What you will do =>
Among the lines below, copy exactly those from the one with "define G where" through the one with "by (simp add: v_def pinv_def", counting both ends.

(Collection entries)
----------

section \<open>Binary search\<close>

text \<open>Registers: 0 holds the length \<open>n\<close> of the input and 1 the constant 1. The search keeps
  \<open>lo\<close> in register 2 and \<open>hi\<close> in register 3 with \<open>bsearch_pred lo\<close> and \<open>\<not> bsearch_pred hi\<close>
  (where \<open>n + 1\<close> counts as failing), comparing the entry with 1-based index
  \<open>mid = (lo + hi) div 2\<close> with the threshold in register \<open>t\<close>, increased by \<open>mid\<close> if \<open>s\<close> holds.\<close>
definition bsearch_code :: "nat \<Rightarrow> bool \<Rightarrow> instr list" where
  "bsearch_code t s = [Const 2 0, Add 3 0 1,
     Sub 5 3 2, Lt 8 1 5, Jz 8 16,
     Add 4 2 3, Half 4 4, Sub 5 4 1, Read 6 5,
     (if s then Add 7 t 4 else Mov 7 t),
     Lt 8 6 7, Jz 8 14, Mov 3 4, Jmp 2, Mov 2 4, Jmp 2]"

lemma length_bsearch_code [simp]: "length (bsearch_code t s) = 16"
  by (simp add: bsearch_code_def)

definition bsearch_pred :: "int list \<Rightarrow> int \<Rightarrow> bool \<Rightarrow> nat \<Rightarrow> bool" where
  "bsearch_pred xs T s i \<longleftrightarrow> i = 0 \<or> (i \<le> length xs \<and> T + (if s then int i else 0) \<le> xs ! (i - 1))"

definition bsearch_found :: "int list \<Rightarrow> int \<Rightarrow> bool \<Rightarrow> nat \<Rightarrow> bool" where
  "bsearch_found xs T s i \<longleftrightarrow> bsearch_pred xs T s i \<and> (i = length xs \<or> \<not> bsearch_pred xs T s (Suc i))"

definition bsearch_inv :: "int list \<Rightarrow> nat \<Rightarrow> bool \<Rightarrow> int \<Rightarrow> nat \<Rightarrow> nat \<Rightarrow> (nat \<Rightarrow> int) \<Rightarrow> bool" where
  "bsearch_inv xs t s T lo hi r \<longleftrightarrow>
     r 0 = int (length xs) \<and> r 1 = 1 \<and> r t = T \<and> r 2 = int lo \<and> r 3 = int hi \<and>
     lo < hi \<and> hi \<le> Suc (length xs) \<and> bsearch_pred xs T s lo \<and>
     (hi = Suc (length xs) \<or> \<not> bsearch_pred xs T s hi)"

----------

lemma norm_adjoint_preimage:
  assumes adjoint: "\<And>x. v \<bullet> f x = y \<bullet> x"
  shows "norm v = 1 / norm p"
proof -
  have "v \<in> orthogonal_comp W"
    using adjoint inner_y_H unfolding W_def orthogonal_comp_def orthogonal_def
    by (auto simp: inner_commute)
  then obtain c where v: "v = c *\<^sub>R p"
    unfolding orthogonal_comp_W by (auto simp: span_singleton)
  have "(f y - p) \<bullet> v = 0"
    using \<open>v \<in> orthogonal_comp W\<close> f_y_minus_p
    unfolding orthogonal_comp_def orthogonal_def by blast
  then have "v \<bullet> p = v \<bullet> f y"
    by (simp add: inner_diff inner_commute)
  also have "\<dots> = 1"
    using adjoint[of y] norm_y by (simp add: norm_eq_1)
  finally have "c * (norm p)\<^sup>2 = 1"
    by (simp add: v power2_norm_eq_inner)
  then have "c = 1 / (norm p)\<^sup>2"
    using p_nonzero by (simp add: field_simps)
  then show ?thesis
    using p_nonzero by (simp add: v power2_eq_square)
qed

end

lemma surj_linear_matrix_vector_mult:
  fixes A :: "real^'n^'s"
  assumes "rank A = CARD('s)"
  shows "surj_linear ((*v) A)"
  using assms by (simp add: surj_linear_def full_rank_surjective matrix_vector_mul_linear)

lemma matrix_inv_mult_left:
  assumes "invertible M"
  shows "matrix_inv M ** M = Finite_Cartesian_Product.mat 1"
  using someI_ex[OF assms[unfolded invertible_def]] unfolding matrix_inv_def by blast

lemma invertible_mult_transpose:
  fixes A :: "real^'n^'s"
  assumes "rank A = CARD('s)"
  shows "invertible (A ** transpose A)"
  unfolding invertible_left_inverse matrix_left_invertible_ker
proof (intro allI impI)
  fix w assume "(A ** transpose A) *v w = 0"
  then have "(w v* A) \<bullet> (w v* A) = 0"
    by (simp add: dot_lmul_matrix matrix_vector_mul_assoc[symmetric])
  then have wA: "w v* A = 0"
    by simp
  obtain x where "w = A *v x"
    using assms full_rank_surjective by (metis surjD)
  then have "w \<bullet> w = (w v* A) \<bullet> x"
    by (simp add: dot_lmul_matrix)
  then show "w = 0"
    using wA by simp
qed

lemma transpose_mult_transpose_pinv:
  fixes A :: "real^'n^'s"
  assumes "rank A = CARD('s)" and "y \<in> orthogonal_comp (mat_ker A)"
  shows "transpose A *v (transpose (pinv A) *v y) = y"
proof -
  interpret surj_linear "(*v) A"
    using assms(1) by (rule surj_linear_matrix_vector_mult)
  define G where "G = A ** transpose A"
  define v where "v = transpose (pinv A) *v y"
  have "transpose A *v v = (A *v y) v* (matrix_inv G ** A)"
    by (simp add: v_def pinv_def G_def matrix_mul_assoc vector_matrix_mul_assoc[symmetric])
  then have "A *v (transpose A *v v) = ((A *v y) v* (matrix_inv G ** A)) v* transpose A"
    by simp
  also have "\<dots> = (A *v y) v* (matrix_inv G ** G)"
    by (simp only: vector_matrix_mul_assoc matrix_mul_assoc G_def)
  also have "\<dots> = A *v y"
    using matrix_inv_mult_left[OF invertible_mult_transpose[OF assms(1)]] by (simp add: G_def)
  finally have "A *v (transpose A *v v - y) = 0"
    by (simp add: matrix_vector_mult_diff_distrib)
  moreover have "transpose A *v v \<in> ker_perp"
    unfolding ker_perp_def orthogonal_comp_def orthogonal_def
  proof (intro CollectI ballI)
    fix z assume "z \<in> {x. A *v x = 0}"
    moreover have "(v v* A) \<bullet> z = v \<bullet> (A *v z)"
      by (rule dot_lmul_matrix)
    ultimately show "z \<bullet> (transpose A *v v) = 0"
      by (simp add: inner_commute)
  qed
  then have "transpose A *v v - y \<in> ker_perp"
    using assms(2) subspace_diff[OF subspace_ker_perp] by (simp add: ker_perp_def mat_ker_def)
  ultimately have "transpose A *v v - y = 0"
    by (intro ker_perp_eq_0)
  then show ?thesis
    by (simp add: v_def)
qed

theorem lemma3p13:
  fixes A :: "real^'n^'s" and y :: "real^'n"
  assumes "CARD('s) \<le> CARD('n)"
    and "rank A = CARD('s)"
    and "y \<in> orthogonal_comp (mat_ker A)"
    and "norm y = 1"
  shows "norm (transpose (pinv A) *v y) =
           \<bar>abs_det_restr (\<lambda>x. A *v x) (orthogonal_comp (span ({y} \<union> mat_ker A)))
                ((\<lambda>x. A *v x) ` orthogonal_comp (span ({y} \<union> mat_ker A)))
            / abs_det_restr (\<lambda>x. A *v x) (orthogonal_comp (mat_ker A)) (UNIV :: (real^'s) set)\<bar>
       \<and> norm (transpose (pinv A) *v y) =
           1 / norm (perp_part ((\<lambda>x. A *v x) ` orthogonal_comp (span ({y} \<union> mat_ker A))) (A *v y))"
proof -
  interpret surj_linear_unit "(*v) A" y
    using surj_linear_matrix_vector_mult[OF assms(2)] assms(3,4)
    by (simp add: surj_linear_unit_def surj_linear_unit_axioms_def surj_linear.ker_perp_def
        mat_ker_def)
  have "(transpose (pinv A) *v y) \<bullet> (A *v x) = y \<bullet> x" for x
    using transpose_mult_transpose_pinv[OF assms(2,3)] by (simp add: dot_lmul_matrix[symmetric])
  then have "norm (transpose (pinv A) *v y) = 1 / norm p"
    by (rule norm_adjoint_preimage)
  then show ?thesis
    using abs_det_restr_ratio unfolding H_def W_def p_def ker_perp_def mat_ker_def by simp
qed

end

----------

Response box =>
  define G where "G = A ** transpose A"
  define v where "v = transpose (pinv A) *v y"
  have "transpose A *v v = (A *v y) v* (matrix_inv G ** A)"
    by (simp add: v_def pinv_def G_def matrix_mul_assoc vector_matrix_mul_assoc[symmetric])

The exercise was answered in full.